After more than a decade of declining sales, the music industry believes streaming services like Spotify offer a path to a return to growth in the future. But not every musician agrees and the row is growing louder.
From Thom Yorke labelling Spotify “the last desperate fart of a dying corpse” to Taylor Swift removing all her albums from the service, a series of prominent artists have now questioned the streaming model.
Swift’s removal has generated a new debate about streaming: whether free streams supported by advertising are as valuable as streams by people paying £9.99 a month for a “premium” subscription without advertising.
“The premium tier to me are real active record buyers, paying their $9.99 or €9.99 or £9.99 a month,” said Jonathan Dickins, who manages Adele, at this month’s Web Summit conference. “My feeling would be, to get around the situation with someone like Taylor Swift – but Spotify won’t do it – is a window between making something available on the premium service, earlier than it’s made available on the free service.”

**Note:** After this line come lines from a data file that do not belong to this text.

(* Consider the system $$\dot x = \vartheta,\qquad \dot\vartheta = -\lambda\vartheta - xu + x - x^3,\qquad \dot u = -\alpha u - \beta x\vartheta,$$ with parameters $\alpha>0$, $\lambda\ge 0$, $\beta>0$ satisfying $$\alpha\big(\sqrt{\lambda^2+4}+\lambda\big) > 2(\beta-2).$$ Let $L>0$ satisfy $L>\frac{\sqrt{\lambda^2+4}-\lambda}{2}$ and $\frac{\beta L}{\alpha+2L}<1$, set $K=\frac{\beta L}{\alpha+2L}$ and $M=1-K$, let $\vartheta_0>0$ be arbitrary, and let $x_0$ be the positive root of the equation $$\vartheta_0^2 + x^2 - \frac{M}{2}x^4 = 0.$$ Suppose that $$\lambda^2 > 4\Big[\Big(1+\frac{\beta}{2}\Big)x_0^2 - 1\Big].$$ Let $(x^+(t),\vartheta^+(t),u^+(t))$ be the positive outgoing separatrix of the zero saddle, i.e. the nontrivial solution with $\lim_{t\to-\infty}(x^+,\vartheta^+,u^+)(t)=(0,0,0)$ and $x^+(t)>0$ for all sufficiently negative $t$. Then $x^+(t)>0$ for all $t\in(-\infty,+\infty)$.
   Context: The origin $(0,0,0)$ is a saddle equilibrium of the system with a one-dimensional unstable manifold; its positive separatrix is the branch of the unstable manifold along which $x>0$ as $t\to-\infty$. *)

theory Defs
  imports "HOL-Analysis.Analysis"
begin

end

theory Submission
  imports Defs "HOL-Real_Asymp.Real_Asymp"
begin

(* Suppose x has a first zero t1.  Three bounds are propagated along (-infinity, t1), each
   through an integrating factor: if q' + a q >= 0 with a > 0 and q bounded at -infinity,
   then e^(a t) q(t) is nondecreasing and tends to 0, so q >= 0.
   First, th < L x and u + K x^2 >= 0, by a first-exit argument for the cone th < L x.
   Second, x < x0: the energy th^2 - x^2 + (1 - K)/2 x^4 does not increase while x and th are
   positive, it lies below th0^2 at every zero of th with 0 < x < x0, and it is at least
   th0^2 when x first reaches x0.
   Third, u <= beta/2 (x0^2 - x^2), which gives th >= r x for a constant r, so that
   e^(-r t) x(t) is nondecreasing and x(t1) > 0. *)

lemma nonneg_if_deriv_nonneg_from_bot:
  fixes f f' :: "real \<Rightarrow> real"
  assumes deriv: "\<And>t. (f has_real_derivative f' t) (at t)"
    and nonneg: "\<And>t. t < b \<Longrightarrow> 0 \<le> f' t"
    and lim: "(f \<longlongrightarrow> 0) at_bot"
    and "t \<le> b"
  shows "0 \<le> f t"
proof -
  have "f s \<le> f t" if "s \<le> t" for s
  proof (rule DERIV_nonneg_imp_increasing_open[OF that])
    show "continuous_on {s..t} f"
      using deriv by (meson DERIV_isCont continuous_at_imp_continuous_on)
  qed (use deriv nonneg \<open>t \<le> b\<close> in force)
  then have "\<forall>\<^sub>F s in at_bot. f s \<le> f t"
    by (auto simp: eventually_at_bot_linorder)
  then show ?thesis
    using tendsto_upperbound[OF lim _ trivial_limit_at_bot_linorder] by blast
qed

lemma exp_mult_tendsto_0_at_bot:
  fixes q :: "real \<Rightarrow> real"
  assumes "0 < a" and "(q \<longlongrightarrow> l) at_bot"
  shows "((\<lambda>t. exp (a * t) * q t) \<longlongrightarrow> 0) at_bot"
proof -
  have "((\<lambda>t. exp (a * t)) \<longlongrightarrow> 0) at_bot"
    using \<open>0 < a\<close> by real_asymp
  from tendsto_mult[OF this assms(2)] show ?thesis
    by simp
qed

lemma integrating_factor_nonneg:
  fixes q q' :: "real \<Rightarrow> real"
  assumes "0 < a"
    and deriv: "\<And>t. (q has_real_derivative q' t) (at t)"
    and nonneg: "\<And>t. t < b \<Longrightarrow> 0 \<le> q' t + a * q t"
    and lim: "(q \<longlongrightarrow> l) at_bot"
    and "t \<le> b"
  shows "0 \<le> q t"
proof -
  have "0 \<le> exp (a * t) * q t"
  proof (rule nonneg_if_deriv_nonneg_from_bot[where f = "\<lambda>t. exp (a * t) * q t"
        and f' = "\<lambda>t. exp (a * t) * (q' t + a * q t)"])
    show "((\<lambda>t. exp (a * t) * q t) has_real_derivative exp (a * t) * (q' t + a * q t)) (at t)"
      for t by (rule derivative_eq_intros deriv refl | simp add: algebra_simps)+
  qed (use nonneg exp_mult_tendsto_0_at_bot[OF \<open>0 < a\<close> lim] \<open>t \<le> b\<close> in auto)
  then show ?thesis
    by (simp add: zero_le_mult_iff)
qed

lemma integrating_factor_pos:
  fixes q q' :: "real \<Rightarrow> real"
  assumes "0 < a"
    and deriv: "\<And>t. (q has_real_derivative q' t) (at t)"
    and pos: "\<And>t. t \<le> b \<Longrightarrow> 0 < q' t + a * q t"
    and lim: "(q \<longlongrightarrow> l) at_bot"
  shows "0 < q b"
proof -
  have "0 < exp (a * b) * q b"
  proof (rule DERIV_pos_imp_increasing_at_bot[OF _ exp_mult_tendsto_0_at_bot[OF \<open>0 < a\<close> lim]])
    fix t :: real
    assume "t \<le> b"
    have "((\<lambda>t. exp (a * t) * q t) has_real_derivative exp (a * t) * (q' t + a * q t)) (at t)"
      by (rule derivative_eq_intros deriv refl | simp add: algebra_simps)+
    then show "\<exists>y. ((\<lambda>t. exp (a * t) * q t) has_real_derivative y) (at t) \<and> 0 < y"
      using pos[OF \<open>t \<le> b\<close>] by auto
  qed
  then show ?thesis
    by (simp add: zero_less_mult_iff)
qed

lemma first_crossing:
  fixes f :: "real \<Rightarrow> real"
  assumes cont: "continuous_on UNIV f"
    and neg: "\<forall>\<^sub>F t in at_bot. f t < 0"
    and "0 \<le> f t"
  obtains s where "s \<le> t" "0 \<le> f s" "\<And>r. r < s \<Longrightarrow> f r < 0"
proof -
  define C where "C = {s. s \<le> t \<and> 0 \<le> f s}"
  obtain T where T: "\<And>r. r \<le> T \<Longrightarrow> f r < 0"
    using neg by (auto simp: eventually_at_bot_linorder)
  have "closed C"
    unfolding C_def by (intro closed_Collect_conj closed_Collect_le continuous_intros cont)
  moreover have "C \<noteq> {}"
    using \<open>0 \<le> f t\<close> by (auto simp: C_def)
  moreover have bdd: "bdd_below C"
  proof (rule bdd_belowI)
    show "T \<le> r" if "r \<in> C" for r
      using that T[of r] by (fastforce simp: C_def not_le[symmetric])
  qed
  ultimately have "Inf C \<in> C"
    by (intro closed_contains_Inf)
  moreover have "f r < 0" if "r < Inf C" for r
    using that cInf_lower[OF _ bdd, of r] \<open>Inf C \<in> C\<close> by (force simp: C_def)
  ultimately show ?thesis
    using that by (auto simp: C_def)
qed

lemma deriv_nonneg_at_first_crossing:
  fixes f :: "real \<Rightarrow> real"
  assumes "(f has_real_derivative D) (at s)" and "0 \<le> f s" and "\<And>r. r < s \<Longrightarrow> f r < 0"
  shows "0 \<le> D"
proof (rule ccontr)
  assume "\<not> 0 \<le> D"
  then obtain d where "0 < d" "\<And>h. 0 < h \<Longrightarrow> h < d \<Longrightarrow> f s < f (s - h)"
    using DERIV_neg_dec_left[OF assms(1)] by force
  then have "f s < f (s - d / 2)"
    by simp
  then show False
    using assms(2) assms(3)[of "s - d / 2"] \<open>0 < d\<close> by simp
qed

lemma pos_on_left_nbhd:
  fixes f :: "real \<Rightarrow> real"
  assumes deriv: "(f has_real_derivative D) (at s)"
    and "0 \<le> f s" and "f s = 0 \<Longrightarrow> D < 0"
  obtains d where "0 < d" "\<And>h. 0 < h \<Longrightarrow> h < d \<Longrightarrow> 0 < f (s - h)"
proof (cases "f s = 0")
  case True
  then show ?thesis
    using DERIV_neg_dec_left[OF deriv] assms(3) that by force
next
  case False
  then have "\<forall>\<^sub>F r in at s. 0 < f r"
    using DERIV_isCont[OF deriv] \<open>0 \<le> f s\<close> unfolding isCont_def
    by (intro order_tendstoD(1)) auto
  then obtain d where "0 < d" "\<And>r. r \<noteq> s \<Longrightarrow> dist r s < d \<Longrightarrow> 0 < f r"
    by (auto simp: eventually_at)
  then show ?thesis
    using that[of d] by (auto simp: dist_real_def)
qed

lemma last_zero_before:
  fixes f :: "real \<Rightarrow> real"
  assumes cont: "continuous_on UNIV f"
    and "0 < d" and left: "\<And>h. 0 < h \<Longrightarrow> h < d \<Longrightarrow> 0 < f (s - h)"
  obtains "\<And>r. r < s \<Longrightarrow> 0 < f r"
    | r0 where "r0 < s" "f r0 = 0" "\<And>r. r0 < r \<Longrightarrow> r < s \<Longrightarrow> 0 < f r"
proof (cases "\<exists>r \<le> s - d / 2. f r \<le> 0")
  case False
  have "0 < f r" if "r < s" for r
  proof (cases "r \<le> s - d / 2")
    case True
    then show ?thesis
      using False by auto
  next
    case False
    then show ?thesis
      using left[of "s - r"] \<open>r < s\<close> by simp
  qed
  then show ?thesis
    using that(1) by blast
next
  case True
  define C where "C = {r. r \<le> s - d / 2 \<and> f r \<le> 0}"
  have "closed C"
    unfolding C_def by (intro closed_Collect_conj closed_Collect_le continuous_intros cont)
  moreover have "C \<noteq> {}"
    using True by (auto simp: C_def)
  moreover have bdd: "bdd_above C"
    by (rule bdd_aboveI[of _ "s - d / 2"]) (auto simp: C_def)
  ultimately have "Sup C \<in> C"
    by (intro closed_contains_Sup)
  then have r0: "Sup C < s" "f (Sup C) \<le> 0"
    using \<open>0 < d\<close> by (auto simp: C_def)
  have after: "0 < f r" if "Sup C < r" "r < s" for r
  proof (cases "r \<le> s - d / 2")
    case True
    then show ?thesis
      using that cSup_upper[OF _ bdd, of r] by (force simp: C_def)
  next
    case False
    then show ?thesis
      using left[of "s - r"] that by simp
  qed
  have "0 \<le> f (Sup C)"
  proof (rule tendsto_lowerbound)
    show "(f \<longlongrightarrow> f (Sup C)) (at_right (Sup C))"
      using cont unfolding continuous_on_eq_continuous_at[OF open_UNIV] isCont_def
      by (meson UNIV_I at_le tendsto_mono top_greatest)
    show "\<forall>\<^sub>F r in at_right (Sup C). 0 \<le> f r"
      using eventually_at_right_real[OF r0(1)] by eventually_elim (use after in force)
  qed (simp add: trivial_limit_at_right_real)
  then show ?thesis
    using that(2)[of "Sup C"] r0 after by simp
qed

lemma quartic_strict_mono:
  fixes M a b :: real
  assumes "2 < M * (a^2 + b^2)" and "0 \<le> a" and "a < b"
  shows "M / 2 * a^4 - a^2 < M / 2 * b^4 - b^2"
proof -
  have "0 < b^2 - a^2"
    using assms(2,3) by (simp add: power_strict_mono)
  moreover have "0 < M / 2 * (a^2 + b^2) - 1"
    using assms(1) by simp
  ultimately have "0 < (b^2 - a^2) * (M / 2 * (a^2 + b^2) - 1)"
    by simp
  also have "\<dots> = (M / 2 * b^4 - b^2) - (M / 2 * a^4 - a^2)"
    by (simp add: field_simps power2_eq_square power4_eq_xxxx)
  finally show ?thesis
    by simp
qed

lemma quadratic_pos_above_root:
  fixes lam L :: real
  assumes "(sqrt (lam^2 + 4) - lam) / 2 < L"
  shows "0 < L^2 + lam * L - 1"
proof -
  have "sqrt (lam^2 + 4) < 2 * L + lam"
    using assms by simp
  then have "sqrt (lam^2 + 4)^2 < (2 * L + lam)^2"
    by (intro power_strict_mono) auto
  then have "lam^2 + 4 < (2 * L + lam)^2"
    by simp
  then show ?thesis
    by (simp add: algebra_simps power2_eq_square)
qed

locale separatrix_solution =
  fixes \<alpha> lam \<beta> :: real and x th u :: "real \<Rightarrow> real"
  assumes alpha_pos: "0 < \<alpha>" and lam_nonneg: "0 \<le> lam" and beta_pos: "0 < \<beta>"
    and x_deriv: "\<And>t. (x has_real_derivative th t) (at t)"
    and th_deriv: "\<And>t. (th has_real_derivative (- lam * th t - x t * u t + x t - x t ^ 3)) (at t)"
    and u_deriv: "\<And>t. (u has_real_derivative (- \<alpha> * u t - \<beta> * x t * th t)) (at t)"
    and x_tendsto: "(x \<longlongrightarrow> 0) at_bot"
    and th_tendsto: "(th \<longlongrightarrow> 0) at_bot"
    and u_tendsto: "(u \<longlongrightarrow> 0) at_bot"
begin

lemma continuous_on_x: "continuous_on UNIV x"
  using x_deriv by (meson DERIV_isCont continuous_at_imp_continuous_on)

lemma continuous_on_th: "continuous_on UNIV th"
  using th_deriv by (meson DERIV_isCont continuous_at_imp_continuous_on)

Dickins said he believed “streaming’s the future, whether people like it or not”, but suggested that Spotify needed more scale to prove itself. “Spotify will work if they get enough payers,” he said.
This is why the Taylor Swift affair is a genuinely dangerous moment for Spotify, which is used to artists including Adele, Coldplay and BeyoncĂ© “windowing” their new albums: keeping them off streaming services for a few months after release to maximise sales of CDs and downloads.
By removing her entire back catalogue, Swift has generated a new discussion about whether albums should also be windowed between the free and premium tiers of services like Spotify. Her music remains available on premium-only rivals like Rdio, Napster and Apple-owned Beats Music.